(EXTRACTED INFORMATION Opens)

lemma has_simple_neg_roots_RZ: "RZ {..<0} p"
  unfolding RZ_def
proof (intro conjI allI impI)
  show "p \<noteq> 0" by (rule has_simple_neg_roots_nonzero)
  fix z :: complex assume z: "poly (map_poly complex_of_real p) z = 0"
  have "map_poly complex_of_real p = map_poly of_real (smult (lead_coeff p) (linear_factors rs))"
    using p unfolding has_simple_neg_roots_def by (metis (no_types))
  then have "poly (map_poly complex_of_real p) z = of_real (lead_coeff p) * (\<Prod>r\<leftarrow>rs. z - of_real r)"
    by (simp add: map_poly_smult poly_map_linear_factors)
  then obtain r where "r \<in> set rs" "z = of_real r"
    using z has_simple_neg_rootsD(1) by (auto simp: prod_list_zero_iff)
  then show "\<exists>x\<in>{..<0}. z = complex_of_real x"
    using has_simple_neg_rootsD(3) by auto
qed

lemma pderiv_sign_at_root:
  assumes i: "i < length rs"
  shows "0 < (-1) ^ (length rs - 1 - i) * poly (pderiv p) (rs ! i)"
proof -
  let ?r = "rs ! i" and ?as = "take i rs" and ?bs = "drop (Suc i) rs"
  have split: "rs = ?as @ ?r # ?bs" using i by (rule id_take_nth_drop)
  then have "sorted_wrt (<) (?as @ ?r # ?bs)" using has_simple_neg_rootsD(2) by simp
  then have as: "\<forall>a\<in>set ?as. a < ?r" and bs: "\<forall>b\<in>set ?bs. ?r < b"
    by (auto simp: sorted_wrt_append)
  define R where "R = linear_factors ?as * linear_factors ?bs"
  have "linear_factors rs = linear_factors (?as @ ?r # ?bs)"
    using split by (rule arg_cong)
  also have "\<dots> = [:- ?r, 1:] * R"
    unfolding R_def by (simp add: mult.left_commute del: mult_pCons_left)
  finally have "pderiv p = pderiv (smult (lead_coeff p) ([:- ?r, 1:] * R))"
    using has_simple_neg_rootsD(4) by (metis (no_types))
  then have "poly (pderiv p) ?r = lead_coeff p * poly R ?r"
    by (simp add: pderiv_smult pderiv_mult pderiv_pCons del: mult_pCons_left)
  then have "(-1) ^ (length rs - 1 - i) * poly (pderiv p) ?r =
      lead_coeff p * poly (linear_factors ?as) ?r * ((-1) ^ length ?bs * poly (linear_factors ?bs) ?r)"
    by (simp add: R_def)
  moreover have "0 < poly (linear_factors ?as) ?r" using as by (rule linear_factors_pos)
  moreover have "0 < (-1) ^ length ?bs * poly (linear_factors ?bs) ?r" using bs by (rule linear_factors_sign)
  ultimately show ?thesis using has_simple_neg_rootsD(1) by (metis mult_pos_pos)
qed

end

definition alternating_signs :: "real poly \<Rightarrow> real \<Rightarrow> real list \<Rightarrow> bool" where
  "alternating_signs q s ps \<longleftrightarrow> (\<forall>i<length ps. 0 < s * (-1) ^ (length ps - 1 - i) * poly q (ps ! i))"

lemma alternating_signs_Cons:
  assumes "alternating_signs q s ps" "0 < s * (-1) ^ length ps * poly q x"
  shows "alternating_signs q s (x # ps)"
  unfolding alternating_signs_def
proof (intro allI impI)
  fix i assume "i < length (x # ps)"
  then show "0 < s * (-1) ^ (length (x # ps) - 1 - i) * poly q ((x # ps) ! i)"
    using assms by (cases i) (simp_all add: alternating_signs_def)
qed

lemma alternating_signs_snoc:
  assumes "alternating_signs q s ps" "0 < - s * poly q x"
  shows "alternating_signs q (- s) (ps @ [x])"
  unfolding alternating_signs_def
proof (intro allI impI)
  fix i assume "i < length (ps @ [x])"
  then consider "i < length ps" | "i = length ps" by fastforce
  then show "0 < - s * (-1) ^ (length (ps @ [x]) - 1 - i) * poly q ((ps @ [x]) ! i)"
  proof cases
    case 1
    then have "0 < s * (-1) ^ (length ps - 1 - i) * poly q (ps ! i)"
      using assms(1) by (simp add: alternating_signs_def)
    moreover have "length (ps @ [x]) - 1 - i = Suc (length ps - 1 - i)" using 1 by simp
    ultimately show ?thesis using 1 by (simp add: nth_append)
  qed (use assms(2) in simp)
qed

(EXTRACTED INFORMATION Closes)

WHAT YOU NEED TO DO ▸ Write the entries out once more, exactly as they were given.

RESPONSE BELOW ▸
lemma has_simple_neg_roots_RZ: "RZ {..<0} p"
  unfolding RZ_def
proof (intro conjI allI impI)
  show "p \<noteq> 0" by (rule has_simple_neg_roots_nonzero)
  fix z :: complex assume z: "poly (map_poly complex_of_real p) z = 0"
  have "map_poly complex_of_real p = map_poly of_real (smult (lead_coeff p) (linear_factors rs))"
    using p unfolding has_simple_neg_roots_def by (metis (no_types))
  then have "poly (map_poly complex_of_real p) z = of_real (lead_coeff p) * (\<Prod>r\<leftarrow>rs. z - of_real r)"
    by (simp add: map_poly_smult poly_map_linear_factors)
  then obtain r where "r \<in> set rs" "z = of_real r"
    using z has_simple_neg_rootsD(1) by (auto simp: prod_list_zero_iff)
  then show "\<exists>x\<in>{..<0}. z = complex_of_real x"
    using has_simple_neg_rootsD(3) by auto
qed

lemma pderiv_sign_at_root:
  assumes i: "i < length rs"
  shows "0 < (-1) ^ (length rs - 1 - i) * poly (pderiv p) (rs ! i)"
proof -
  let ?r = "rs ! i" and ?as = "take i rs" and ?bs = "drop (Suc i) rs"
  have split: "rs = ?as @ ?r # ?bs" using i by (rule id_take_nth_drop)
  then have "sorted_wrt (<) (?as @ ?r # ?bs)" using has_simple_neg_rootsD(2) by simp
  then have as: "\<forall>a\<in>set ?as. a < ?r" and bs: "\<forall>b\<in>set ?bs. ?r < b"
    by (auto simp: sorted_wrt_append)
  define R where "R = linear_factors ?as * linear_factors ?bs"
  have "linear_factors rs = linear_factors (?as @ ?r # ?bs)"
    using split by (rule arg_cong)
  also have "\<dots> = [:- ?r, 1:] * R"
    unfolding R_def by (simp add: mult.left_commute del: mult_pCons_left)
  finally have "pderiv p = pderiv (smult (lead_coeff p) ([:- ?r, 1:] * R))"
    using has_simple_neg_rootsD(4) by (metis (no_types))
  then have "poly (pderiv p) ?r = lead_coeff p * poly R ?r"
    by (simp add: pderiv_smult pderiv_mult pderiv_pCons del: mult_pCons_left)
  then have "(-1) ^ (length rs - 1 - i) * poly (pderiv p) ?r =
      lead_coeff p * poly (linear_factors ?as) ?r * ((-1) ^ length ?bs * poly (linear_factors ?bs) ?r)"
    by (simp add: R_def)
  moreover have "0 < poly (linear_factors ?as) ?r" using as by (rule linear_factors_pos)
  moreover have "0 < (-1) ^ length ?bs * poly (linear_factors ?bs) ?r" using bs by (rule linear_factors_sign)
  ultimately show ?thesis using has_simple_neg_rootsD(1) by (metis mult_pos_pos)
qed

end

definition alternating_signs :: "real poly \<Rightarrow> real \<Rightarrow> real list \<Rightarrow> bool" where
  "alternating_signs q s ps \<longleftrightarrow> (\<forall>i<length ps. 0 < s * (-1) ^ (length ps - 1 - i) * poly q (ps ! i))"

lemma alternating_signs_Cons:
  assumes "alternating_signs q s ps" "0 < s * (-1) ^ length ps * poly q x"
  shows "alternating_signs q s (x # ps)"
  unfolding alternating_signs_def
proof (intro allI impI)
  fix i assume "i < length (x # ps)"
  then show "0 < s * (-1) ^ (length (x # ps) - 1 - i) * poly q ((x # ps) ! i)"
    using assms by (cases i) (simp_all add: alternating_signs_def)
qed

lemma alternating_signs_snoc:
  assumes "alternating_signs q s ps" "0 < - s * poly q x"
  shows "alternating_signs q (- s) (ps @ [x])"
  unfolding alternating_signs_def
proof (intro allI impI)
  fix i assume "i < length (ps @ [x])"
  then consider "i < length ps" | "i = length ps" by fastforce
  then show "0 < - s * (-1) ^ (length (ps @ [x]) - 1 - i) * poly q ((ps @ [x]) ! i)"
  proof cases
    case 1
    then have "0 < s * (-1) ^ (length ps - 1 - i) * poly q (ps ! i)"
      using assms(1) by (simp add: alternating_signs_def)
    moreover have "length (ps @ [x]) - 1 - i = Suc (length ps - 1 - i)" using 1 by simp
    ultimately show ?thesis using 1 by (simp add: nth_append)
  qed (use assms(2) in simp)
qed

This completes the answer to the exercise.